**REQUIRED ACTION:** Check every line below for the string "assms". Copy the ones that have it.

**SOURCE RECORDS:**
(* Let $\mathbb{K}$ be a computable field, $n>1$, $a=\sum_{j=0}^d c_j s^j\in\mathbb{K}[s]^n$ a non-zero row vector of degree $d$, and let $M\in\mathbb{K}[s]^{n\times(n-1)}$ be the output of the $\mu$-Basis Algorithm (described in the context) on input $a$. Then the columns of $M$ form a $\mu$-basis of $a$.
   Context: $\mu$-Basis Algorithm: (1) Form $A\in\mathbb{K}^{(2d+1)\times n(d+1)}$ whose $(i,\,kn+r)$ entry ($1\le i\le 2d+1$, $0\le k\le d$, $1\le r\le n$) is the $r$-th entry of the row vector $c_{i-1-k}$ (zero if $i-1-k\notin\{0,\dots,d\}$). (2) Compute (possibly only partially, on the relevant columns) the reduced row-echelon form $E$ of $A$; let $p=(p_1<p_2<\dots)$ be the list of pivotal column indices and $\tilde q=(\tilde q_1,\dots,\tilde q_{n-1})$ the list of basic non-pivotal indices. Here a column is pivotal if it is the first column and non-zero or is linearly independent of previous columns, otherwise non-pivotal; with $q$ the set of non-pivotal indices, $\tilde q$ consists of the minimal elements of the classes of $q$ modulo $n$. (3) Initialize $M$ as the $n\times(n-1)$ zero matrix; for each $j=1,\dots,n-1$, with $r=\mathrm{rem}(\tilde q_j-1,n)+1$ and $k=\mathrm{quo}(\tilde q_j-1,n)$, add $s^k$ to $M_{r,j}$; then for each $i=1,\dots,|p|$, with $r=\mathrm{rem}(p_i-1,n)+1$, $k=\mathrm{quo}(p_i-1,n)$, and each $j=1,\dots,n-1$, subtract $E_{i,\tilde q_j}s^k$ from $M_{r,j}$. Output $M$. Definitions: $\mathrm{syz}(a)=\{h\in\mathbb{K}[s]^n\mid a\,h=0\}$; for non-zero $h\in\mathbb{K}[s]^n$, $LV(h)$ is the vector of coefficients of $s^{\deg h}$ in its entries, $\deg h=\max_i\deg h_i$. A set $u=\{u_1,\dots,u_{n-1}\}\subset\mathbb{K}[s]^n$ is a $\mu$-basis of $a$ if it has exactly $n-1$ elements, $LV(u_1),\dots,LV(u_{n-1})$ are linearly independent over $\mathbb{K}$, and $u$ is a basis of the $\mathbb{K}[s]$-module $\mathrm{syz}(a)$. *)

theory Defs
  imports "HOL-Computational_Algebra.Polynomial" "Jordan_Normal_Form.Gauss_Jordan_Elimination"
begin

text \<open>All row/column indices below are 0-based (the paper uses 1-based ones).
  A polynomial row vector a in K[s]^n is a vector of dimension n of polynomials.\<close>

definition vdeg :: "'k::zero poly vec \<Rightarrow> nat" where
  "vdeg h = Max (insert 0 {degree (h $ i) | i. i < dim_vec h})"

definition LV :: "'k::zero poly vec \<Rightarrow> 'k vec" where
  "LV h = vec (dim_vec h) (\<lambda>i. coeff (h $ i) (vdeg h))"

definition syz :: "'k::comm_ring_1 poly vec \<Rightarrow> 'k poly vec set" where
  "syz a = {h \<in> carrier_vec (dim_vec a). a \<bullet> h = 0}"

* * *

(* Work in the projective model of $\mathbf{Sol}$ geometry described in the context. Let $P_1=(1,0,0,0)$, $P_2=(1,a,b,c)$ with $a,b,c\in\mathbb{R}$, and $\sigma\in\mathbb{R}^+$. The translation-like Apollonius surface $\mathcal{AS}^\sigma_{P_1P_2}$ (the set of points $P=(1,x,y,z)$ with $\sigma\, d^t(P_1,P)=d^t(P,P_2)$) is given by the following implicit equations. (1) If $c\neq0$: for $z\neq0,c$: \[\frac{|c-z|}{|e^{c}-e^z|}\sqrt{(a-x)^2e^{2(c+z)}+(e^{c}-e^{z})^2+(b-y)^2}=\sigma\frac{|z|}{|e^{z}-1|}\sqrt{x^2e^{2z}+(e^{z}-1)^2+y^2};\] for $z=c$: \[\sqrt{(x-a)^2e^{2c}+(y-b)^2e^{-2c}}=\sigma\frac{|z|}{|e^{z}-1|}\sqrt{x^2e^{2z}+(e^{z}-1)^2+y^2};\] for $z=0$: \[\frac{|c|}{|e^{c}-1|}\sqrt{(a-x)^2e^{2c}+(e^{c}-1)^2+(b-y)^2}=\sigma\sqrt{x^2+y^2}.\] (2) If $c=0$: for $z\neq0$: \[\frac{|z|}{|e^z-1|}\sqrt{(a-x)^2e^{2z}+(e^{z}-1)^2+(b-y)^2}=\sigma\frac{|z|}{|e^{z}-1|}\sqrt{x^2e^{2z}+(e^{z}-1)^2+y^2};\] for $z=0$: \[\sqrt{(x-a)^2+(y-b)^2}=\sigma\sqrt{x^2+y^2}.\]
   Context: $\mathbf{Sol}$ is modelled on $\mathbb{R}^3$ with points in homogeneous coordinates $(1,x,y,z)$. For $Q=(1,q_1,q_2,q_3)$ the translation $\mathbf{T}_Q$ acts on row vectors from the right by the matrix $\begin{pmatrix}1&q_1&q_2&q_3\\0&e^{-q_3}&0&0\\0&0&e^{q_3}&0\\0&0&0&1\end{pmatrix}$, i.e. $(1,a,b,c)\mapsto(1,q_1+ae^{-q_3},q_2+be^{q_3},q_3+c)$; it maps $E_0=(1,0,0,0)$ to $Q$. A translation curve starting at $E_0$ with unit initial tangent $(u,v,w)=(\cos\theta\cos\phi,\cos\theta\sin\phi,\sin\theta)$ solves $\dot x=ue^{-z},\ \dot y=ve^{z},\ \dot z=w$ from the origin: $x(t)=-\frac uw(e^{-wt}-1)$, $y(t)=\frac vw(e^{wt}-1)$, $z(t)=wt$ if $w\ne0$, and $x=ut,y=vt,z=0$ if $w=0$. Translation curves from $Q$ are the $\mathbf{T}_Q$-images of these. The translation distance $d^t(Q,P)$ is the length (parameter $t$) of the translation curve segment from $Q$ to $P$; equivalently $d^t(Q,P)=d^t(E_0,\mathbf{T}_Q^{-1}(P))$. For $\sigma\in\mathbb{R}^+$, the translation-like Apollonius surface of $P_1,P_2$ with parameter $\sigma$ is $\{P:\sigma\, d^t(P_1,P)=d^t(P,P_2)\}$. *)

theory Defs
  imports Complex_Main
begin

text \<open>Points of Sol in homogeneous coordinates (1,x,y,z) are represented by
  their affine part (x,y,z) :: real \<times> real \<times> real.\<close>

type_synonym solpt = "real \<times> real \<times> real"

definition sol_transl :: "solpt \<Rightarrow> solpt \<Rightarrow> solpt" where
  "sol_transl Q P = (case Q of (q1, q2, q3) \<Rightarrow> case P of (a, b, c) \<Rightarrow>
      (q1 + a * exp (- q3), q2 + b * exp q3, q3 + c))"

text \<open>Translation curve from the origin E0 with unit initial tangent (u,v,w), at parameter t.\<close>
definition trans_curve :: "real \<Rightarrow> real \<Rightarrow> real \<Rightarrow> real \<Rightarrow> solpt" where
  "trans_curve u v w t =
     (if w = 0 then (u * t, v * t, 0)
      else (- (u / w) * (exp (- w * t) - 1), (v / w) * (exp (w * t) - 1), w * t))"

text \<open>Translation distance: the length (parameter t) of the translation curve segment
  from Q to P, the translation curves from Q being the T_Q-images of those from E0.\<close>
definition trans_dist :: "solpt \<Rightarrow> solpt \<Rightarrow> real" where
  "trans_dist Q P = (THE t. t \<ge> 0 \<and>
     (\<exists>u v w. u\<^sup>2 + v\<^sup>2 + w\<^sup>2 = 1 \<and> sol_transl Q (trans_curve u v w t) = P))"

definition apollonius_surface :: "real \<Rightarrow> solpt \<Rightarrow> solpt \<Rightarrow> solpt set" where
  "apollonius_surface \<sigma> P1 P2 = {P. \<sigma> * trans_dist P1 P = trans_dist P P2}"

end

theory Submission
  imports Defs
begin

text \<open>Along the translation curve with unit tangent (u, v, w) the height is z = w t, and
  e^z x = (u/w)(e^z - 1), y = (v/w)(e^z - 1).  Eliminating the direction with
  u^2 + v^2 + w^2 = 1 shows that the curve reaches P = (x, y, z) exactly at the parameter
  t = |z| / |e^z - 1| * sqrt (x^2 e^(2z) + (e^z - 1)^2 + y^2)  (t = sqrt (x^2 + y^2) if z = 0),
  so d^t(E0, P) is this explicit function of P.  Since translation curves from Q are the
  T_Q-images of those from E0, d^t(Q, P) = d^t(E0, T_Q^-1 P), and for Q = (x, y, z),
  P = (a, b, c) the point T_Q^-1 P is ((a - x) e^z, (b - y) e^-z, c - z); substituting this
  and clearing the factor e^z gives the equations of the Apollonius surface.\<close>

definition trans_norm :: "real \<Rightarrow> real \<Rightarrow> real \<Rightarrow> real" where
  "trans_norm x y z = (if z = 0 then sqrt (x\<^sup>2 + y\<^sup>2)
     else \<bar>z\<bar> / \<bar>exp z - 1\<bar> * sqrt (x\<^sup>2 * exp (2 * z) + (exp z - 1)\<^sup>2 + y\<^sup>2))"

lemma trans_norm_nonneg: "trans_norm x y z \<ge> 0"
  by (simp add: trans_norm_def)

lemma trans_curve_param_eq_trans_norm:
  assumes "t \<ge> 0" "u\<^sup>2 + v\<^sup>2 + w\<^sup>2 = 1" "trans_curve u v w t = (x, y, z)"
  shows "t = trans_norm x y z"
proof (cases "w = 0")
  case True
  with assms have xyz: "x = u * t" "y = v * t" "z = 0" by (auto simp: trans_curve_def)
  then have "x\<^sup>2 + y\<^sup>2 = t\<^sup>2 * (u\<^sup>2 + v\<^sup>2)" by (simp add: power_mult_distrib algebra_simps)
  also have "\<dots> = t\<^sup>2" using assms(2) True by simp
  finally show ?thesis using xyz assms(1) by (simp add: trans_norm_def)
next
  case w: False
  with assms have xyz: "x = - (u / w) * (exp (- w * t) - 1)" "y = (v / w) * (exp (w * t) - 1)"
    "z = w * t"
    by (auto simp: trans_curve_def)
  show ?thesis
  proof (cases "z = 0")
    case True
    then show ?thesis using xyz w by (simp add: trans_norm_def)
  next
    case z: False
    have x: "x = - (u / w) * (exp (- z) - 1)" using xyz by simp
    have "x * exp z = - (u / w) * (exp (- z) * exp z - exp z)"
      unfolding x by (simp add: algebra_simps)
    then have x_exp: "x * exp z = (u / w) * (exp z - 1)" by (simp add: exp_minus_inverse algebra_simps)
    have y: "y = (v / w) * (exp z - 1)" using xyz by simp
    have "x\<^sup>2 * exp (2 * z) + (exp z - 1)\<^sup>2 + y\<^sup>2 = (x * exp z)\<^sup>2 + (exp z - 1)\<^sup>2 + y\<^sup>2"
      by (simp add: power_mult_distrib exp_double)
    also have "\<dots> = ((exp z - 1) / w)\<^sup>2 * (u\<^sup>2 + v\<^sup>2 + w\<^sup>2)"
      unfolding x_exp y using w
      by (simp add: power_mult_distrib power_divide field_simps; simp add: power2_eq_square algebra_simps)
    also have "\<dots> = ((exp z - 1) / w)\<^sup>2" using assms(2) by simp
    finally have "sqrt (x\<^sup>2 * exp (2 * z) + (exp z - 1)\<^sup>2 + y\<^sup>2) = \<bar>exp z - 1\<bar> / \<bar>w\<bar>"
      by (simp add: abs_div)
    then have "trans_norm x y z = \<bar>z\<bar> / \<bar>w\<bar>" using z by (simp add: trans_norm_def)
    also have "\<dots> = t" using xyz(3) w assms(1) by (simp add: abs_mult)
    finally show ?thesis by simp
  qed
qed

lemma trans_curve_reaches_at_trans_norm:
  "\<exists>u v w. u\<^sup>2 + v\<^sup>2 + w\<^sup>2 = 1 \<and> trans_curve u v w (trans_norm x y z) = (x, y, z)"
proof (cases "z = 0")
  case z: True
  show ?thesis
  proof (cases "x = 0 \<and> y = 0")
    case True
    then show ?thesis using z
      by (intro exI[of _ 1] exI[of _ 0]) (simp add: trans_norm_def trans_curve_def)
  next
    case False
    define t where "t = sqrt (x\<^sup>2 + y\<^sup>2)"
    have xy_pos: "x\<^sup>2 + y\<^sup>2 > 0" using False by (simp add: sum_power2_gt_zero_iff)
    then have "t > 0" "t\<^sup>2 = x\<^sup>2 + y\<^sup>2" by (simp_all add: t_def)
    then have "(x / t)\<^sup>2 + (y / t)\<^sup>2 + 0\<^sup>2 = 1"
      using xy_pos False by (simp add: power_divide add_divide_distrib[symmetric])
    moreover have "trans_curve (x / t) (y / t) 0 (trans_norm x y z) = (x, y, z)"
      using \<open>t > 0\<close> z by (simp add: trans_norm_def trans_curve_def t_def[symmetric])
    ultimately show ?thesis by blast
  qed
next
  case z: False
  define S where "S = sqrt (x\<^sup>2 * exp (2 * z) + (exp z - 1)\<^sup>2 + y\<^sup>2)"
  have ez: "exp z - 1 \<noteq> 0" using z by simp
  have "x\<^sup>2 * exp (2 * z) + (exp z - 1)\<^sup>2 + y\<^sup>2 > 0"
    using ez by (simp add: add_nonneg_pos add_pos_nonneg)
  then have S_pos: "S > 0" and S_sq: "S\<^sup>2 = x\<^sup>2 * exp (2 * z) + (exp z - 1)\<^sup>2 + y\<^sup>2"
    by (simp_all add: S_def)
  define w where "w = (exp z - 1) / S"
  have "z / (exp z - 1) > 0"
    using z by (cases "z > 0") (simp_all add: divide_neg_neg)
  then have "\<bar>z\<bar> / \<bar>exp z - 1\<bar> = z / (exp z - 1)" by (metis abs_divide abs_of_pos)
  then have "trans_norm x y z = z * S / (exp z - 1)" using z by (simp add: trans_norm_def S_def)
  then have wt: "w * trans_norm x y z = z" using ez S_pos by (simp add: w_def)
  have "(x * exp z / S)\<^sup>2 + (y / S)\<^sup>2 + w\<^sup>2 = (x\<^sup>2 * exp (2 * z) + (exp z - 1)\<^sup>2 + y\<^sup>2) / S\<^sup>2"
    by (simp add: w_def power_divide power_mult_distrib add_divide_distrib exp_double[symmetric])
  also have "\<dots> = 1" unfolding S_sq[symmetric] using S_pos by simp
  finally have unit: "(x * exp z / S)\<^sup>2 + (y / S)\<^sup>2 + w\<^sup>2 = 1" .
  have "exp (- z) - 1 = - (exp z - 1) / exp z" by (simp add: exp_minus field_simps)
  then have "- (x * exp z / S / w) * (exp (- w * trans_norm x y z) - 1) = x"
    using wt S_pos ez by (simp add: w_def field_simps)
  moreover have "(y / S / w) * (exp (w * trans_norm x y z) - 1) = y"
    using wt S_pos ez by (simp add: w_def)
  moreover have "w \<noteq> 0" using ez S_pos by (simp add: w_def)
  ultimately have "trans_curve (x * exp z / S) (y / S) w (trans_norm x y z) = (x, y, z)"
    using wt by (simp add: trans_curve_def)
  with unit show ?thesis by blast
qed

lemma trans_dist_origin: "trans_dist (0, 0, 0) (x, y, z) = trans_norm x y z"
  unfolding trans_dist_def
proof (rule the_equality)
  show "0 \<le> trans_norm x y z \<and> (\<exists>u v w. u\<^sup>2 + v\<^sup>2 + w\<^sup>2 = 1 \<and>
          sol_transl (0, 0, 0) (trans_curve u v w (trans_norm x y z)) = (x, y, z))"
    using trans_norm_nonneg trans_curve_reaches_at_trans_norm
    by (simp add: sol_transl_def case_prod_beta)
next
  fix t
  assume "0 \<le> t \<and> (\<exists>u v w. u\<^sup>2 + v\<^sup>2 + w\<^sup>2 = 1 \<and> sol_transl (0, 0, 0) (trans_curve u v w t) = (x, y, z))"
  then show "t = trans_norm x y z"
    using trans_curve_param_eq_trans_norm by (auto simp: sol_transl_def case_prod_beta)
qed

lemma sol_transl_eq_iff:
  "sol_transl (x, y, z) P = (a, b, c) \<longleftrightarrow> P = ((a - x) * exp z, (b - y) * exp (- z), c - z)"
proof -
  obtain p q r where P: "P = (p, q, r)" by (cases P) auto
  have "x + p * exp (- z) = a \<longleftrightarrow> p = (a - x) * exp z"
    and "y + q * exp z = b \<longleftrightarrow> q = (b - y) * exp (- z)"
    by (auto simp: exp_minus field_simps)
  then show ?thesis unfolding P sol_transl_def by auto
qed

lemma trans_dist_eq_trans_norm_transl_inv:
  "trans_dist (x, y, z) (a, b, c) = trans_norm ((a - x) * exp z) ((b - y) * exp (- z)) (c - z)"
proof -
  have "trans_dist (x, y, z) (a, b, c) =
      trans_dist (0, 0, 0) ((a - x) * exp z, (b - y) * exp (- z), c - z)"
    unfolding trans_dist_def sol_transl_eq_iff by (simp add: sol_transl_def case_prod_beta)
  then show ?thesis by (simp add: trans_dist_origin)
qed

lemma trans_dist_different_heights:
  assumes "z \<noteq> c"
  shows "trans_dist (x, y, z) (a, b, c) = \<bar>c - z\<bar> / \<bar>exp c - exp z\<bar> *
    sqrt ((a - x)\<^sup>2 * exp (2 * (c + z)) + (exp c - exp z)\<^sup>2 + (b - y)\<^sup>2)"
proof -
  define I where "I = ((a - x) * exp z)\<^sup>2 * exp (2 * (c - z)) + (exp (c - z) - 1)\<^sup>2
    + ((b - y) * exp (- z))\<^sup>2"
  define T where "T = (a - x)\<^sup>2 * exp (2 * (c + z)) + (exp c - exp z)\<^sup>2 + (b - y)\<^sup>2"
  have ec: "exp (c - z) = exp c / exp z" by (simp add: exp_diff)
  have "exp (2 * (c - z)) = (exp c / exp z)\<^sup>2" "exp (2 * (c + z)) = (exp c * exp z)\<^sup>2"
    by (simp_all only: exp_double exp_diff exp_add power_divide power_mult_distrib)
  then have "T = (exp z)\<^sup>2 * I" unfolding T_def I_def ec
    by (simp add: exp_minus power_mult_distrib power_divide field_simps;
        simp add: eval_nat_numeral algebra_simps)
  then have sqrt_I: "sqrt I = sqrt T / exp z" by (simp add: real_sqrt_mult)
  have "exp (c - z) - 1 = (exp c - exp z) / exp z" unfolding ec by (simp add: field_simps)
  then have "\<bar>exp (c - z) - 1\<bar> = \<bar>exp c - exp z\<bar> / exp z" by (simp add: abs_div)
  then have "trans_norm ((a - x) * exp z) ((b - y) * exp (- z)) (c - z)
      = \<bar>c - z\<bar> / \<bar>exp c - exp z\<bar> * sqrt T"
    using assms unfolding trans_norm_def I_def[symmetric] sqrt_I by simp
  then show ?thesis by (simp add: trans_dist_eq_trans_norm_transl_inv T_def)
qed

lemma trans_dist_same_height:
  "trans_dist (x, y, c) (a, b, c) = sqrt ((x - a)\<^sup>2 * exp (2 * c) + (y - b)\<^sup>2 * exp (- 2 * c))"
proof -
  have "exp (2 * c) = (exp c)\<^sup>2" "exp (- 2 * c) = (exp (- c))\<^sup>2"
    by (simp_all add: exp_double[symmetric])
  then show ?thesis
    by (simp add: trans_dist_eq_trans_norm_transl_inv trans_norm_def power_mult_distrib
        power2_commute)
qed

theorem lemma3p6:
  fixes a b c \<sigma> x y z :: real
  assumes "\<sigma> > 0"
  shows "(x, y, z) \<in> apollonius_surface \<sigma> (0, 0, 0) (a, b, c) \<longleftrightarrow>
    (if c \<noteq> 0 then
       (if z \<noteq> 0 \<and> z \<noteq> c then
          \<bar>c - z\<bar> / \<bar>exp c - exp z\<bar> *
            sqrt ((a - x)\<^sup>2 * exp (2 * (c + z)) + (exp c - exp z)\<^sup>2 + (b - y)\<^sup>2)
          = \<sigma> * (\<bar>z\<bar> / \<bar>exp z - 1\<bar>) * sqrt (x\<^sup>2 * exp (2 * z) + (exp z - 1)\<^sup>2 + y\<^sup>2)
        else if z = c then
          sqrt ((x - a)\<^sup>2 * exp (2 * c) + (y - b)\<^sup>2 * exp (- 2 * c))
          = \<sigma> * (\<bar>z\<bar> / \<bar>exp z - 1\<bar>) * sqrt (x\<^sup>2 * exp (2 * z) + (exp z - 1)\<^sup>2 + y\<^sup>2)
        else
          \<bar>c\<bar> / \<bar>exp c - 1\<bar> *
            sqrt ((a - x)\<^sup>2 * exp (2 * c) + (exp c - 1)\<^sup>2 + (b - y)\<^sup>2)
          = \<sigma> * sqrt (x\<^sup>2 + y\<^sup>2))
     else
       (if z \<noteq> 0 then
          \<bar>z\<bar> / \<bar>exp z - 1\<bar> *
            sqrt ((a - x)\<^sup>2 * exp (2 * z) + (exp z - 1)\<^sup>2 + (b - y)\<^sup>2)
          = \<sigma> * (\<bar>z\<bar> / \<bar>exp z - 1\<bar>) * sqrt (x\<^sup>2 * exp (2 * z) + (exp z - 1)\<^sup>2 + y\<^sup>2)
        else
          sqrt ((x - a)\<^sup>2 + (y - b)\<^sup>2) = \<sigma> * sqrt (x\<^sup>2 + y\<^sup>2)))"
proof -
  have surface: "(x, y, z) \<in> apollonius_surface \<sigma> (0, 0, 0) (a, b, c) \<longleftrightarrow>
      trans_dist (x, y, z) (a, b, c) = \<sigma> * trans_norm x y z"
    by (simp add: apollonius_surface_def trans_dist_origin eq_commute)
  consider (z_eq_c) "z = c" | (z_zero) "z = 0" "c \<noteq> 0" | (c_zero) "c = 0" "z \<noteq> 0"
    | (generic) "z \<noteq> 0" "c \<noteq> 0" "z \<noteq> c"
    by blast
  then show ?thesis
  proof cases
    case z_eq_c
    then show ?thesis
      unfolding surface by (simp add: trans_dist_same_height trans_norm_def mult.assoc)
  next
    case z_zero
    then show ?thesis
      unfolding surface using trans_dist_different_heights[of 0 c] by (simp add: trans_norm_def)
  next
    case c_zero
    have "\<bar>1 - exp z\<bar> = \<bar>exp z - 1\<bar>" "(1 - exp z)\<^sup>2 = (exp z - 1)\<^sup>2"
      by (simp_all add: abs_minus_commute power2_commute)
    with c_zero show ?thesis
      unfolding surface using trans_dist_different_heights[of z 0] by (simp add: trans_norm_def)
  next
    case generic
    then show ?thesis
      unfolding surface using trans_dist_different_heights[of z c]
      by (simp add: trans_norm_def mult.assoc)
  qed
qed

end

**TASK OUTPUT:**
  with assms have xyz: "x = u * t" "y = v * t" "z = 0" by (auto simp: trans_curve_def)
  also have "\<dots> = t\<^sup>2" using assms(2) True by simp
  finally show ?thesis using xyz assms(1) by (simp add: trans_norm_def)
  with assms have xyz: "x = - (u / w) * (exp (- w * t) - 1)" "y = (v / w) * (exp (w * t) - 1)"
    also have "\<dots> = ((exp z - 1) / w)\<^sup>2" using assms(2) by simp
    also have "\<dots> = t" using xyz(3) w assms(1) by (simp add: abs_mult)
    using assms unfolding trans_norm_def I_def[symmetric] sqrt_I by simp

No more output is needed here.